Consider an access-control script that checks a username from an environment variable: if the username is alice admin, the unquoted test [ $USERNAME = "alice" ] becomes [ alice admin = "alice" ], which is a syntax error — the check silently fails open or causes an unhandled exit depending on how errors are handled. Real-world CI/CD systems have been exploited through injected branch names or commit message content that ended up in shell variable comparisons without quoting.

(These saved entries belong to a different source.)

section \<open>Averages over an i.i.d. sample\<close>

lemma hoeffding_iid_average:
  fixes P :: "'w measure" and \<mu> :: "'a measure" and Xs :: "nat \<Rightarrow> 'w \<Rightarrow> 'a"
  assumes P: "prob_space P" and Xs_meas: "\<And>i. Xs i \<in> measurable P \<mu>"
    and indep: "prob_space.indep_vars P (\<lambda>_. \<mu>) Xs UNIV" and distr: "\<And>i. distr P \<mu> (Xs i) = \<mu>"
    and f: "f \<in> borel_measurable \<mu>" and bound: "\<And>x. \<bar>f x\<bar> \<le> B"
    and "0 < B" and "0 < e"
  shows "measure P {\<omega>\<in>space P. e \<le> \<bar>(\<Sum>i<n. f (Xs i \<omega>)) / real n - (\<integral>x. f x \<partial>\<mu>)\<bar>}
    \<le> 2 * exp (- (e\<^sup>2 / (2 * B\<^sup>2))) ^ n" (is "measure P ?A \<le> _")
proof -
  interpret prob_space P by (rule P)
  show ?thesis
  proof (cases "n = 0")
    case True
    have "prob ?A \<le> 1"
      by (rule prob_le_1)
    also have "1 \<le> 2 * exp (- (e\<^sup>2 / (2 * B\<^sup>2))) ^ n"
      using True by simp
    finally show ?thesis .
  next
    case False
    define Y where "Y = (\<lambda>i \<omega>. f (Xs i \<omega>))"
    interpret Hoeffding_ineq_iid P "{..<n}" Y "Y 0" "- B" B "expectation (Y 0)"
    proof unfold_locales
      show "indep_vars (\<lambda>_. borel) Y {..<n}"
        unfolding Y_def using f by (intro indep_vars_compose2[OF indep_vars_subset[OF indep]]) auto
      show "distr P borel (Y i) = distr P borel (Y 0)" for i
        using distr_distr[OF f Xs_meas, of i] distr_distr[OF f Xs_meas, of 0] distr
        by (simp add: Y_def comp_def)
      show "Y 0 \<in> borel_measurable P"
        unfolding Y_def using measurable_comp[OF Xs_meas f] by (simp add: comp_def)
      show "AE \<omega> in P. Y 0 \<omega> \<in> {- B..B}"
      proof (rule AE_I2)
        fix \<omega>
        show "Y 0 \<omega> \<in> {- B..B}"
          using bound[of "Xs 0 \<omega>"] by (auto simp: Y_def abs_le_iff)
      qed
    qed simp
    have "expectation (Y 0) = (\<integral>x. f x \<partial>\<mu>)"
      using integral_distr[OF Xs_meas f, of 0] distr[of 0] by (simp add: Y_def)
    moreover have "- B < B" "{..<n} \<noteq> {}"
      using False \<open>0 < B\<close> by auto
    ultimately have "prob ?A \<le> 2 * exp (-2 * real n * e\<^sup>2 / (B - - B)\<^sup>2)"
      using Hoeffding_ineq_abs_ge'[of e] \<open>0 < e\<close> by (simp add: Y_def)
    also have "-2 * real n * e\<^sup>2 / (B - - B)\<^sup>2 = real n * (- (e\<^sup>2 / (2 * B\<^sup>2)))"
      using \<open>0 < B\<close> by (simp add: field_simps power2_eq_square)
    finally show ?thesis
      by (simp only: exp_of_nat_mult)
  qed
qed

lemma AE_eventually_average_close:
  fixes P :: "'w measure" and \<mu> :: "'a measure" and Xs :: "nat \<Rightarrow> 'w \<Rightarrow> 'a"
  assumes P: "prob_space P" and Xs_meas: "\<And>i. Xs i \<in> measurable P \<mu>"
    and indep: "prob_space.indep_vars P (\<lambda>_. \<mu>) Xs UNIV" and distr: "\<And>i. distr P \<mu> (Xs i) = \<mu>"
    and f: "f \<in> borel_measurable \<mu>" and bound: "\<And>x. \<bar>f x\<bar> \<le> B"
    and "0 < B" and "0 < e"
  shows "AE \<omega> in P. eventually (\<lambda>n. \<bar>(\<Sum>i<n. f (Xs i \<omega>)) / real n - (\<integral>x. f x \<partial>\<mu>)\<bar> < e) sequentially"
proof -
  interpret prob_space P by (rule P)
  define A where "A n = {\<omega>\<in>space P. e \<le> \<bar>(\<Sum>i<n. f (Xs i \<omega>)) / real n - (\<integral>x. f x \<partial>\<mu>)\<bar>}" for n
  have [measurable]: "(\<lambda>\<omega>. f (Xs i \<omega>)) \<in> borel_measurable P" for i
    using measurable_comp[OF Xs_meas f] by (simp add: comp_def)
  have "summable (\<lambda>n. 2 * exp (- (e\<^sup>2 / (2 * B\<^sup>2))) ^ n)"
    using assms by (simp add: summable_geometric_iff)
  then have "summable (\<lambda>n. measure P (A n))"
    unfolding A_def by (rule summable_comparison_test'[where N=0])
      (simp add: hoeffding_iid_average[OF P Xs_meas indep distr f bound \<open>0 < B\<close> \<open>0 < e\<close>])
  then have "AE \<omega> in P. eventually (\<lambda>n. \<omega> \<in> space P - A n) sequentially"
    by (intro borel_cantelli_AE1) (simp_all add: A_def emeasure_eq_measure)
  then show ?thesis
    by (elim AE_mp) (auto intro!: AE_I2 elim: eventually_mono simp: A_def)
qed

lemma strong_law_bounded:
  fixes P :: "'w measure" and \<mu> :: "'a measure" and Xs :: "nat \<Rightarrow> 'w \<Rightarrow> 'a"
  assumes P: "prob_space P" and Xs_meas: "\<And>i. Xs i \<in> measurable P \<mu>"
    and indep: "prob_space.indep_vars P (\<lambda>_. \<mu>) Xs UNIV" and distr: "\<And>i. distr P \<mu> (Xs i) = \<mu>"
    and f: "f \<in> borel_measurable \<mu>" and bound: "\<And>x. \<bar>f x\<bar> \<le> B"
  shows "AE \<omega> in P. (\<lambda>n. (\<Sum>i<n. f (Xs i \<omega>)) / real n) \<longlonglongrightarrow> (\<integral>x. f x \<partial>\<mu>)"
proof -
  let ?avg = "\<lambda>\<omega> n. (\<Sum>i<n. f (Xs i \<omega>)) / real n"
  have B': "\<bar>f x\<bar> \<le> \<bar>B\<bar> + 1" "0 < \<bar>B\<bar> + 1" for x
    using bound[of x] abs_ge_zero[of B] by linarith+
  have "AE \<omega> in P. eventually (\<lambda>n. \<bar>?avg \<omega> n - (\<integral>x. f x \<partial>\<mu>)\<bar> < 1 / real (Suc m)) sequentially"
    for m
    by (intro AE_eventually_average_close[OF P Xs_meas indep distr f B']) simp
  then have "AE \<omega> in P. \<forall>m.
      eventually (\<lambda>n. \<bar>?avg \<omega> n - (\<integral>x. f x \<partial>\<mu>)\<bar> < 1 / real (Suc m)) sequentially"
    by (simp add: AE_all_countable)
  then show ?thesis
  proof (rule eventually_mono)
    fix \<omega> assume close: "\<forall>m. eventually (\<lambda>n. \<bar>?avg \<omega> n - (\<integral>x. f x \<partial>\<mu>)\<bar> < 1 / real (Suc m)) sequentially"
    show "?avg \<omega> \<longlonglongrightarrow> (\<integral>x. f x \<partial>\<mu>)"
      unfolding tendsto_iff
    proof (intro allI impI)
      fix e :: real assume "0 < e"
      then obtain m :: nat where m: "1 / real (Suc m) < e"
        by (rule nat_approx_posE)
      show "eventually (\<lambda>n. dist (?avg \<omega> n) (\<integral>x. f x \<partial>\<mu>) < e) sequentially"
        using close[rule_format, of m] by (rule eventually_mono) (use m in \<open>simp add: dist_real_def\<close>)
    qed
  qed
qed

ATT&CK technique T1059.004 covers Unix shell abuse, and CAPEC-88 describes argument injection — both are relevant here because exploiting this pattern can allow an attacker to alter the behaviour of security-relevant conditional checks in scripts.
What Gets Flagged
# FLAGGED: $username unquoted inside [ ] test
if [ $username = "admin" ]; then
grant_access
fi
# FLAGGED: $file_path unquoted, glob expansion risk
if [ -f $file_path ]; then
process_file
fi
# FLAGGED: unquoted $status in equality check
[ $status == "ok" ] && deploy
Remediation
- Always double-quote variable references inside
[ ]tests:[ "$var" = "value" ]. - Prefer
[[ ]]in Bash scripts — it does not perform word splitting or glob expansion on variable expansions, making it safer by default. - Enable
set -uso that any reference to an unset variable is caught immediately rather than silently expanding to empty. - Use ShellCheck as part of your CI pipeline to catch unquoted variable usage automatically.
# SAFE: double-quoted variable in [ ] test
if [ "$username" = "admin" ]; then
grant_access
fi
# SAFE: [[ ]] handles word splitting internally (Bash only)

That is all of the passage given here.